He's aware of performing a kindness; he seems to regard me as poor, plain Catherine from Washington Square or poor, sick Laura from The Glass Menagerie.

He takes my hand and leads me danceward.

"Bow to your partner," Braidy says. "Ladies, curtsy."

When Gus and I promenade, he smiles encouragement at me, like I'm Clara from Heidi and he's teaching me how to walk. But I suddenly remember square dancing in gym circa third grade, and it's the nine year old in me swinging my partner and do-si-doing.

"Great!" Bonnie says.

Faith offers up a restrained, "Yee-haw."

After dancing, I'm about to say I'm parched as a possum, but Faith interrupts: "Say, `Let's get something cold to drink,'" and those are the words I say.

"Sure," Gus says.

We go to the beer-sticky bar, and Faith says, "Ask him what a stage manager does."

"Men love to talk about themselves!" Bonnie says.

So I ask, and he says, "I do what no one else wants to do."

I'm told to smile as though captivated.

Sipping a beer herself, Faith says, "Now let him do the work."

I am only too happy to oblige.

Bonnie says, "Let your eyes wander around the dance floor!" But this seems unkind.

"He's a prospect," Faith says, "not a charity."

I look around, and Gus, trying to regain my attention, asks me if I'd like to dance again.

Bonnie says, "One dance per customer."

Instead of saying a jokey Much obliged, but I should join my kin, I anticipate Faith and say, "It was nice meeting you, Gus."

Like a caller herself, Bonnie says, "Circulate!" And I do.

Faith says, "Do not establish eye contact."

"Really?" I ask.

"You think that's the only way to get a man to notice you, don't you?" she says.

"You poor lamb!" Bonnie says.

I've never acknowledged this even to myself. I sound pathetic.

"Yes," Faith says, "especially because nothing is more compelling to a man than a lack of interest."

To my astonishment, she's right. Men appear out of nowhere and glom on to me.

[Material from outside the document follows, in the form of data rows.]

(* Let $\Sigma$ be a complete smooth fan in $N_{\mathbb{R}}\cong\mathbb{R}^2$ with rays generated by primitive vectors $n_1,\dots,n_r\in N$ in anticlockwise order, maximal cones $\nu_j=\operatorname{cone}(n_j,n_{j+1})$ (indices mod $r$), self-intersection numbers $b_j$ and vectors $u_j\in M$ as in the context. (1) If $\vartheta$ is a semi-integral support function on $\Sigma$, then its kinks $(\ell_1,\dots,\ell_r)$ are integers forming a set of twisting numbers. (2) Conversely, every set of twisting numbers $(\ell_1,\dots,\ell_r)$ is the set of kinks of a semi-integral support function on $\Sigma$, which is unique up to adding an integral linear function (an element of $M$).
   Context: $M$ is the dual lattice of $N$. The self-intersection number $b_j$ of the toric curve corresponding to the ray $\mathbb{R}_{\ge0}n_j$ is defined by $n_{j-1}+n_{j+1}=-b_j n_j$. Let $u_j\in M$ be the unique primitive vector with $\langle u_j,n_j\rangle=0$ and $\langle u_j,n_{j+1}\rangle>0$. A semi-integral support function is a continuous function $\vartheta:N_{\mathbb{R}}\to\mathbb{R}$ which is linear on each maximal cone $\nu_j$ and satisfies $\vartheta(n_j)\in\tfrac12+\mathbb{Z}$ for all $j$. Writing $\vartheta_j\in M_{\mathbb{R}}$ for the linear function $\vartheta|_{\nu_j}$, the kink $\ell_j$ of $\vartheta$ at the ray $n_j$ is the real number with $\vartheta_j-\vartheta_{j-1}=\tfrac{\ell_j}{2}u_j$. A set of twisting numbers is an $r$-tuple of integers $(\ell_1,\dots,\ell_r)$ such that $\ell_j\equiv b_j \pmod 2$ for all $j$ and $\sum_{j=1}^r\ell_j u_j=0$. *)

theory Defs
  imports "HOL-Analysis.Analysis"
begin

text \<open>Conventions. N = M = int \<times> int with the standard pairing; N_R = M_R = real \<times> real.
  The rays are indexed by j \<in> {0..<r} (the paper uses 1..r); indices are taken mod r.\<close>

definition nxt :: "nat \<Rightarrow> nat \<Rightarrow> nat" where "nxt r j = (j + 1) mod r"
definition prv :: "nat \<Rightarrow> nat \<Rightarrow> nat" where "prv r j = (j + r - 1) mod r"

Bonnie and Faith tell me what to do, and I obey: I refuse a second dance with a man I'm actually attracted to; I don't enter the pie-eating contest; I ask questions like "What kind of law do you practice?"

By the end of the night, my phone number is in a half-dozen pockets. "This never happened to me before," I tell Faith.

She says, "I know I should feign surprise."

When my brother and Liz walk me to my bike, he says, "Who were those guys you were talking to?"

"Who knows?" I say, giddy with the freedom to make jokes. "I feel like the belle of the ball."

He says, "The ho of the hoedown."

"You know what just occurred to me?" I say, laughing. "I went to a singles square dance in a gym, to meet men."

When Liz says, "You can't think that way," I'm reminded of Faith in personnel saying, "Just do the best you can."

I wonder if my brother is going to marry her.

—•—

Right before Robert arrives, Bonnie says, "Don't be too eager!" When I look in the mirror, my smile is huge and my eyes bugged out with anticipation. I tell myself to think of death. When that doesn't work, I think of yesterday's brainstorming session to name a new auto club for frequent drivers.

Robert buzzes. I open the door and he looks as excited as I did a moment before. He sees Jezebel and gets on his knees and rubs her haunches. "Jezzie," he says.

"Do you want a glass of wine?" I ask.

He does.

He follows me into the kitchen. He's still in apartment-hunting mode, he says, and do I mind if he looks around?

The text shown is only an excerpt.